> **PROBLEM REQUIREMENTS**: In the entries below, how many lines contain the string "proof"? State the number and nothing else.

> **GIVEN RECORDS**:
--
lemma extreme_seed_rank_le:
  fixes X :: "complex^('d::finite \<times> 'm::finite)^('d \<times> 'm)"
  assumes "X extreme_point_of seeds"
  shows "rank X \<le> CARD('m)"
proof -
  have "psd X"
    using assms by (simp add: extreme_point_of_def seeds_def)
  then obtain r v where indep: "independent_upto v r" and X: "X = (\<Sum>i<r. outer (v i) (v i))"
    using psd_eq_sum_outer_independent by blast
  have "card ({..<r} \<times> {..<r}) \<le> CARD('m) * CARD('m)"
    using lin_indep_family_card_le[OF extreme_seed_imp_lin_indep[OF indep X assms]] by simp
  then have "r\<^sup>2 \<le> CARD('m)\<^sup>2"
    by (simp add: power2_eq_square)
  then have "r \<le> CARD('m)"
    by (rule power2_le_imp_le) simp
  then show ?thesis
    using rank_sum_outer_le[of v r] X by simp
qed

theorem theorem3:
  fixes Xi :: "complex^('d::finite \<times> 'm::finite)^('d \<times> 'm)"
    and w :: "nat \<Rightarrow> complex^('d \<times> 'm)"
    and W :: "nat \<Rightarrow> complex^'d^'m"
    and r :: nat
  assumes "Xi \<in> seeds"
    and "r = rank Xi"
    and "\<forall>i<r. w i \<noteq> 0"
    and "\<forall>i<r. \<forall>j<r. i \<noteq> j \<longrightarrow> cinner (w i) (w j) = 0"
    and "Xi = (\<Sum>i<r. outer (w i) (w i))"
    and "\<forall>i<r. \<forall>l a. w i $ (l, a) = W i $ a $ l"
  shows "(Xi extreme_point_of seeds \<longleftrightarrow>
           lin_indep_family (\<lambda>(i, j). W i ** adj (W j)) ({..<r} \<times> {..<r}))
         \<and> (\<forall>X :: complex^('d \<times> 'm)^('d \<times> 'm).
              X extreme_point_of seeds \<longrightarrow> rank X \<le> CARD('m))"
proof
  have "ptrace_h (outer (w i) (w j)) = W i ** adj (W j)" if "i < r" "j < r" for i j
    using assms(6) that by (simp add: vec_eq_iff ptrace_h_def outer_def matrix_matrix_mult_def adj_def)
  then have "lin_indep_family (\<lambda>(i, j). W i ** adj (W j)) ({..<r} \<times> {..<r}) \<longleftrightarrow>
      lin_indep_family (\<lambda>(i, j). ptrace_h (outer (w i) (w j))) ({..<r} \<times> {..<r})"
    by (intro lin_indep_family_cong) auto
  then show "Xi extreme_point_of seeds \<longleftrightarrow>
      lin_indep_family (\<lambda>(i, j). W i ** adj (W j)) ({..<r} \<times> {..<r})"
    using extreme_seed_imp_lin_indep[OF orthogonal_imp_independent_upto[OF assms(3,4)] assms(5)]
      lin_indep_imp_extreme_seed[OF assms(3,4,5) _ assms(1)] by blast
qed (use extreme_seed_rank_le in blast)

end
--
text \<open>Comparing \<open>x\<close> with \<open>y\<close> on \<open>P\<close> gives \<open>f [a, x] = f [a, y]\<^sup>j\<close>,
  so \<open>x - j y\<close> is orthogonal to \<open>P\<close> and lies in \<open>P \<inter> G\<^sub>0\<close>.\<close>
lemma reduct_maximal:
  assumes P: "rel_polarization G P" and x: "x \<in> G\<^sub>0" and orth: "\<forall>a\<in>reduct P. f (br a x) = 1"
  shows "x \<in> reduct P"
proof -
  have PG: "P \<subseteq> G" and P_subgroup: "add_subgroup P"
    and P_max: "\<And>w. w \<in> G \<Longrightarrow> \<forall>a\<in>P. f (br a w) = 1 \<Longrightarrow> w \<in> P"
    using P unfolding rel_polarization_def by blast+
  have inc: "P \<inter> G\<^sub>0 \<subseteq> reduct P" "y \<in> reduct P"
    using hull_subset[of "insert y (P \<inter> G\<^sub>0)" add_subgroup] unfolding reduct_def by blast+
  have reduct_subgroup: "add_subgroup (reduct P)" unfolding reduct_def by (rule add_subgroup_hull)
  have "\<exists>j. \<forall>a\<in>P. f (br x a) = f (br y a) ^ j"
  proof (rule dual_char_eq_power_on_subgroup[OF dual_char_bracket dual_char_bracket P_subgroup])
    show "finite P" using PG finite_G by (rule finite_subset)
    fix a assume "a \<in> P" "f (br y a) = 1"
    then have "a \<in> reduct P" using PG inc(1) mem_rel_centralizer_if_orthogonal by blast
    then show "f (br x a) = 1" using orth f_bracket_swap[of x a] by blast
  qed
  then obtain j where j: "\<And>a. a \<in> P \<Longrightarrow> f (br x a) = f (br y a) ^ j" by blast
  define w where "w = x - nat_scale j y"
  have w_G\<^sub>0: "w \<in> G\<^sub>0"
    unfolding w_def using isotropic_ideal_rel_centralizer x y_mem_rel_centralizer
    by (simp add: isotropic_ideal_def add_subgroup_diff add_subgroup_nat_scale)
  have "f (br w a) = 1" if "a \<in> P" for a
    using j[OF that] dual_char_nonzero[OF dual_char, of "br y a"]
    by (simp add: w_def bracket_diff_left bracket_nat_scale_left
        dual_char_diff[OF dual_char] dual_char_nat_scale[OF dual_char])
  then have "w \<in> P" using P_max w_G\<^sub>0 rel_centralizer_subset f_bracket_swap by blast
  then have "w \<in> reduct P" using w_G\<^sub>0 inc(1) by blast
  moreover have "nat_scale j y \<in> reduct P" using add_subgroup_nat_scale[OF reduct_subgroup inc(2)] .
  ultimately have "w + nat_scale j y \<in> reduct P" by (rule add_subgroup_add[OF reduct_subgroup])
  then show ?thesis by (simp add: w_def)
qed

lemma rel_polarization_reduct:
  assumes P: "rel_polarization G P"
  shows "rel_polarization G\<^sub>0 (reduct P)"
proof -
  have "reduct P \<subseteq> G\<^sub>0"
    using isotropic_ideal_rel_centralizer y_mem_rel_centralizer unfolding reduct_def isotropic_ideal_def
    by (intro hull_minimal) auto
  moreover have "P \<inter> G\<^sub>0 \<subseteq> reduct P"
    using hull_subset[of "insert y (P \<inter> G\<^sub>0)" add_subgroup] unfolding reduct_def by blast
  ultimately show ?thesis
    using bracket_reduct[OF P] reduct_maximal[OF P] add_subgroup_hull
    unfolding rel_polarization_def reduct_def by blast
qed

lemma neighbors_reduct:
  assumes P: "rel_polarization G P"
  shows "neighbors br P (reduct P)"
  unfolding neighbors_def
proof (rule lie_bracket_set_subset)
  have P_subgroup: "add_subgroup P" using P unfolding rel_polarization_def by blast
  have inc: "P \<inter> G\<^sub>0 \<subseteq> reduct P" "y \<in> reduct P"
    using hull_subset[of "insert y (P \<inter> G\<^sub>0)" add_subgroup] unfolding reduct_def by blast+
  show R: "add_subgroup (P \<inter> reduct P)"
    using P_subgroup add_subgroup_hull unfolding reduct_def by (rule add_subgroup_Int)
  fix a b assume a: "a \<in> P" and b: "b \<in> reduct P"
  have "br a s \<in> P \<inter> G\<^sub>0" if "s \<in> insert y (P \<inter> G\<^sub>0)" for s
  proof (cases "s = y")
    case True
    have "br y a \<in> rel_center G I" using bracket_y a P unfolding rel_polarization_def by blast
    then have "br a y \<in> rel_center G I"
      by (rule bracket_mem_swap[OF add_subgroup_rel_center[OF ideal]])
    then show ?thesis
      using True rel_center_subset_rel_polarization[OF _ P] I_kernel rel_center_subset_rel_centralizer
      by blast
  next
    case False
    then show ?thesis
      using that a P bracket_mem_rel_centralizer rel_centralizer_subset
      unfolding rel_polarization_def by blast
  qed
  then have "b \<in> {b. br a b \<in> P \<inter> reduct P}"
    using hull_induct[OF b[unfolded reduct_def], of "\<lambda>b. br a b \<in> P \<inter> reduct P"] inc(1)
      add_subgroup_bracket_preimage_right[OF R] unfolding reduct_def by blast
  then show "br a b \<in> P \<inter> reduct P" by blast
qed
--
> **EXERCISE OUTPUT**: 7